Apache Airflow Provider for pgvector
raw JSON → 1.7.1 verified Fri May 01 auth: no python
An Apache Airflow provider package that integrates pgvector, enabling vector similarity search operations in Airflow via hooks and operators. Current version is 1.7.1, released under the Airflow provider maintenance cadence.
pip install apache-airflow-providers-pgvector Common errors
error airflow.exceptions.AirflowException: The conn_type `pgvector` is not supported ↓
cause Using conn_type='pgvector' instead of 'postgres' for the Airflow connection.
fix
Change the connection's conn_type to 'postgres' (or 'postgresql') and set the host/port/database accordingly.

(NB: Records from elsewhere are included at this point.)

text \<open>Expanding \<open>L(\<phi>)\<close> over the values \<open>\<alpha> = \<phi>(x)\<close>, \<open>\<beta> = \<phi>(y)\<close> writes \<open>E L(\<phi>)\<close> as the
  average over \<open>x, y, \<alpha>, \<beta>\<close> of the indicator that the triple is heavy times
  \<open>Pr(\<phi>(x) = \<alpha>, \<phi>(y) = \<beta>, \<phi>(x+y) = \<alpha>+\<beta>)\<close>. By independence this probability is at least
  \<open>W x \<alpha> * W y \<beta> * W (x+y) (\<alpha>+\<beta>)\<close>; when \<open>x, y, x+y\<close> are not distinct this still holds,
  because \<open>W 0\<close> is the point mass at \<open>0\<close> and \<open>W \<le> 1\<close>. Discarding the triples that are not
  heavy costs at most \<open>\<delta>\<close> times three marginal sums of products of two \<open>W\<close>'s, each equal
  to 1 by Parseval, so \<open>E L(\<phi>) \<ge> \<eta> - 3\<delta> = \<eta>/2\<close>.\<close>

lemma finite_cube [simp]: "finite (cube n)"
  by (simp add: cube_def)

lemma card_cube: "card (cube n) = 2 ^ n"
  by (simp add: cube_def card_Pow)

lemma vadd_in_cube [simp]: "a \<in> cube n \<Longrightarrow> b \<in> cube n \<Longrightarrow> vadd a b \<in> cube n"
  by (auto simp: cube_def vadd_def)

lemma vadd_empty_left [simp]: "vadd {} a = a"
  by (simp add: vadd_def)

lemma vadd_empty_right [simp]: "vadd a {} = a"
  by (simp add: vadd_def)

lemma vadd_self [simp]: "vadd a a = {}"
  by (simp add: vadd_def)

lemma vadd_commute: "vadd a b = vadd b a"
  by (auto simp: vadd_def)

lemma vadd_vadd_cancel [simp]: "vadd (vadd a b) b = a"
  by (auto simp: vadd_def)

lemma vadd_eq_right_iff [simp]: "vadd a b = b \<longleftrightarrow> a = {}"
  by (auto simp: vadd_def)

lemma left_eq_vadd_iff [simp]: "a = vadd a b \<longleftrightarrow> b = {}"
  by (auto simp: vadd_def)

lemma right_eq_vadd_iff [simp]: "b = vadd a b \<longleftrightarrow> a = {}"
  by (auto simp: vadd_def)

lemma vadd_eq_empty_iff [simp]: "vadd a b = {} \<longleftrightarrow> a = b"
  by (auto simp: vadd_def)

lemma sum_cube_vadd_shift:
  assumes "\<beta> \<in> cube n"
  shows "(\<Sum>\<alpha>\<in>cube n. g (vadd \<alpha> \<beta>)) = (\<Sum>\<alpha>\<in>cube n. g \<alpha>)"
  by (rule sum.reindex_bij_witness[where i="\<lambda>a. vadd a \<beta>" and j="\<lambda>a. vadd a \<beta>"])
     (auto simp: assms)

lemma sum_Pow_character:
  assumes "finite A"
  shows "(\<Sum>\<alpha>\<in>Pow A. (-1::real) ^ card (\<alpha> \<inter> z)) = (if A \<inter> z = {} then 2 ^ card A else 0)"
  using assms
proof (induction A rule: finite_induct)
  case empty
  then show ?case by simp
next
  case (insert a A)
  have sign: "(-1::real) ^ card (insert a \<alpha> \<inter> z) = (if a \<in> z then -1 else 1) * (-1) ^ card (\<alpha> \<inter> z)"
    if "\<alpha> \<in> Pow A" for \<alpha>
  proof -
    have "finite \<alpha>" "a \<notin> \<alpha>"
      using that insert.hyps finite_subset by auto
    then show ?thesis by (simp add: Int_insert_left)
  qed
  have "inj_on (insert a) (Pow A)"
    using insert.hyps by (auto simp: inj_on_def)
  then have "(\<Sum>\<alpha>\<in>Pow (insert a A). (-1::real) ^ card (\<alpha> \<inter> z))
      = (\<Sum>\<alpha>\<in>Pow A. (-1) ^ card (\<alpha> \<inter> z)) + (\<Sum>\<alpha>\<in>Pow A. (-1) ^ card (insert a \<alpha> \<inter> z))"
    using insert.hyps unfolding Pow_insert
    by (subst sum.union_disjoint) (auto simp: sum.reindex)
  also have "\<dots> = (1 + (if a \<in> z then -1 else 1)) * (\<Sum>\<alpha>\<in>Pow A. (-1) ^ card (\<alpha> \<inter> z))"
    by (simp add: sign sum_distrib_left sum_negf)
  finally show ?case
    using insert by simp
qed

lemma character_mult:
  assumes "finite \<alpha>"
  shows "(-1::real) ^ card (\<alpha> \<inter> z) * (-1) ^ card (\<alpha> \<inter> z') = (-1) ^ card (\<alpha> \<inter> vadd z z')"
proof -
  have "card (\<alpha> \<inter> z) + card (\<alpha> \<inter> z') = card (\<alpha> \<inter> (z \<union> z')) + card (\<alpha> \<inter> z \<inter> z')"
    using assms by (subst card_Un_Int) (auto simp: Int_Un_distrib Int_ac)
  moreover have "card (\<alpha> \<inter> (z \<union> z')) = card (\<alpha> \<inter> vadd z z') + card (\<alpha> \<inter> z \<inter> z')"
    using assms by (subst card_Un_disjoint[symmetric]) (auto simp: vadd_def intro: arg_cong[where f=card])
  ultimately have "card (\<alpha> \<inter> z) + card (\<alpha> \<inter> z') = card (\<alpha> \<inter> vadd z z') + 2 * card (\<alpha> \<inter> z \<inter> z')"
    by simp
  then show ?thesis
    by (metis (no_types) power_add power_minus1_even mult_1_right)
qed

lemma sum_cube_character_orthogonal:
  assumes "z \<in> cube n" "z' \<in> cube n"
  shows "(\<Sum>\<alpha>\<in>cube n. (-1::real) ^ card (\<alpha> \<inter> z) * (-1) ^ card (\<alpha> \<inter> z'))
     = (if z = z' then 2 ^ n else 0)"
proof -
  have "(\<Sum>\<alpha>\<in>cube n. (-1::real) ^ card (\<alpha> \<inter> z) * (-1) ^ card (\<alpha> \<inter> z'))
      = (\<Sum>\<alpha>\<in>Pow {..<n}. (-1) ^ card (\<alpha> \<inter> vadd z z'))"
    unfolding cube_def by (intro sum.cong refl character_mult) (auto intro: finite_subset)
  also have "\<dots> = (if z = z' then 2 ^ n else 0)"
    using assms by (subst sum_Pow_character) (auto simp: cube_def vadd_def)
  finally show ?thesis .
qed

lemma parseval:
  "(\<Sum>\<alpha>\<in>cube n. (fourier n h \<alpha>)\<^sup>2) = (\<Sum>z\<in>cube n. (h z)\<^sup>2) / 2 ^ n"
proof -
  have "(\<Sum>\<alpha>\<in>cube n. (fourier n h \<alpha>)\<^sup>2)
     = (\<Sum>\<alpha>\<in>cube n. \<Sum>z\<in>cube n. \<Sum>z'\<in>cube n.
          h z * h z' * ((-1) ^ card (\<alpha> \<inter> z) * (-1) ^ card (\<alpha> \<inter> z'))) / 4 ^ n"
    unfolding fourier_def power2_eq_square
    by (simp add: sum_product sum_divide_distrib algebra_simps power_mult_distrib[symmetric])
  also have "\<dots> = (\<Sum>z\<in>cube n. \<Sum>z'\<in>cube n. h z * h z' *
      (\<Sum>\<alpha>\<in>cube n. (-1) ^ card (\<alpha> \<inter> z) * (-1) ^ card (\<alpha> \<inter> z'))) / 4 ^ n"
    unfolding sum_distrib_left
    by (rule arg_cong[where f="\<lambda>t. t / 4 ^ n"], rule trans[OF sum.swap], rule sum.cong[OF refl], rule sum.swap)
  also have "\<dots> = (\<Sum>z\<in>cube n. (h z)\<^sup>2 * 2 ^ n) / 4 ^ n"
    by (simp add: sum_cube_character_orthogonal if_distrib[of "(*) _"] power2_eq_square cong: if_cong)
  also have "\<dots> = (\<Sum>z\<in>cube n. (h z)\<^sup>2) / 2 ^ n"
    using power_mult_distrib[of "2::real" 2 n] by (simp add: sum_distrib_right[symmetric])
  finally show ?thesis .
qed

lemma W_nonneg [simp]: "0 \<le> W n f x \<alpha>"
  by (simp add: W_def)

lemma sum_W_eq_1:
  assumes f: "\<forall>x\<in>cube n. f x = 1 \<or> f x = -1" and x: "x \<in> cube n"
  shows "(\<Sum>\<alpha>\<in>cube n. W n f x \<alpha>) = 1"
proof -
  have "(shiftprod f x z)\<^sup>2 = 1" if "z \<in> cube n" for z
  proof -
    have "f z = 1 \<or> f z = -1" "f (vadd z x) = 1 \<or> f (vadd z x) = -1"
      using f that x by auto
    then show ?thesis
      by (auto simp: shiftprod_def)
  qed
  then show ?thesis
    unfolding W_def parseval by (simp add: card_cube)
qed

lemma W_empty:
  assumes f: "\<forall>x\<in>cube n. f x = 1 \<or> f x = -1" and \<alpha>: "\<alpha> \<in> cube n"
  shows "W n f {} \<alpha> = of_bool (\<alpha> = {})"
proof -
  have "shiftprod f {} z = 1" if "z \<in> cube n" for z
    using f[rule_format, OF that] by (auto simp: shiftprod_def)
  then have "fourier n (shiftprod f {}) \<alpha> = (\<Sum>z\<in>Pow {..<n}. (-1) ^ card (z \<inter> \<alpha>)) / 2 ^ n"
    unfolding fourier_def by (simp add: cube_def Int_commute)
  also have "\<dots> = (if \<alpha> = {} then 1 else 0)"
    using \<alpha> by (subst sum_Pow_character) (auto simp: cube_def)
  finally show ?thesis
    by (simp add: W_def)
qed

definition prob_PiE :: "'a set \<Rightarrow> 'b set \<Rightarrow> ('a \<Rightarrow> 'b \<Rightarrow> real) \<Rightarrow> (('a \<Rightarrow> 'b) \<Rightarrow> bool) \<Rightarrow> real" where
  "prob_PiE S C p E = (\<Sum>\<phi>\<in>S \<rightarrow>\<^sub>E C. (\<Prod>z\<in>S. p z (\<phi> z)) * of_bool (E \<phi>))"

error ModuleNotFoundError: No module named 'airflow.providers.pgvector.hooks.pgvector_hook' ↓
cause Importing from the old module path used in provider versions before 1.0.0.
fix
Update import to: from airflow.providers.pgvector.hooks.pgvector import PgvectorHook
error psycopg2.errors.UndefinedObject: type "vector" does not exist ↓
cause pgvector extension is not installed in the PostgreSQL database.
fix
Run: CREATE EXTENSION vector; in your PostgreSQL database with superuser privileges.
Warnings
breaking In provider version 1.0.0, the import paths changed from 'airflow.providers.pgvector.hooks.pgvector_hook' to 'airflow.providers.pgvector.hooks.pgvector' and operators similarly. ↓
fix Update imports to use the new paths as shown in the imports section.
gotcha The provider requires the pgvector extension to be installed in PostgreSQL; simply installing the Python package is insufficient. ↓
fix Ensure your PostgreSQL instance has the pgvector extension installed (e.g., CREATE EXTENSION vector;).
gotcha Connection configuration: the hook expects an Airflow connection with conn_type='postgres' and extra containing pgvector-specific parameters. Using wrong conn_type or missing extras will cause connection failures. ↓
fix Set up a Postgres connection in Airflow (conn_type='postgres') and in extras provide e.g., {"pgvector": true}. Ensure host, schema, login, password are correct.
Install
pip install apache-airflow[pgvector] Imports
- PgvectorHook
from airflow.providers.pgvector.hooks.pgvector import PgvectorHook - PgvectorOperator
from airflow.providers.pgvector.operators.pgvector import PgvectorOperator
Quickstart
from airflow import DAG
from datetime import datetime
from airflow.providers.pgvector.operators.pgvector import PgvectorOperator
with DAG(
dag_id='pgvector_demo',
start_date=datetime(2024, 1, 1),
schedule=None,
catchup=False
) as dag:
create_table = PgvectorOperator(
task_id='create_hnsw_index',
sql="CREATE TABLE IF NOT EXISTS items (id bigserial PRIMARY KEY, embedding vector(3))"
)
insert = PgvectorOperator(
task_id='insert_vector',
sql="INSERT INTO items (embedding) VALUES ('[1,2,3]'::vector)"
)
create_table >> insert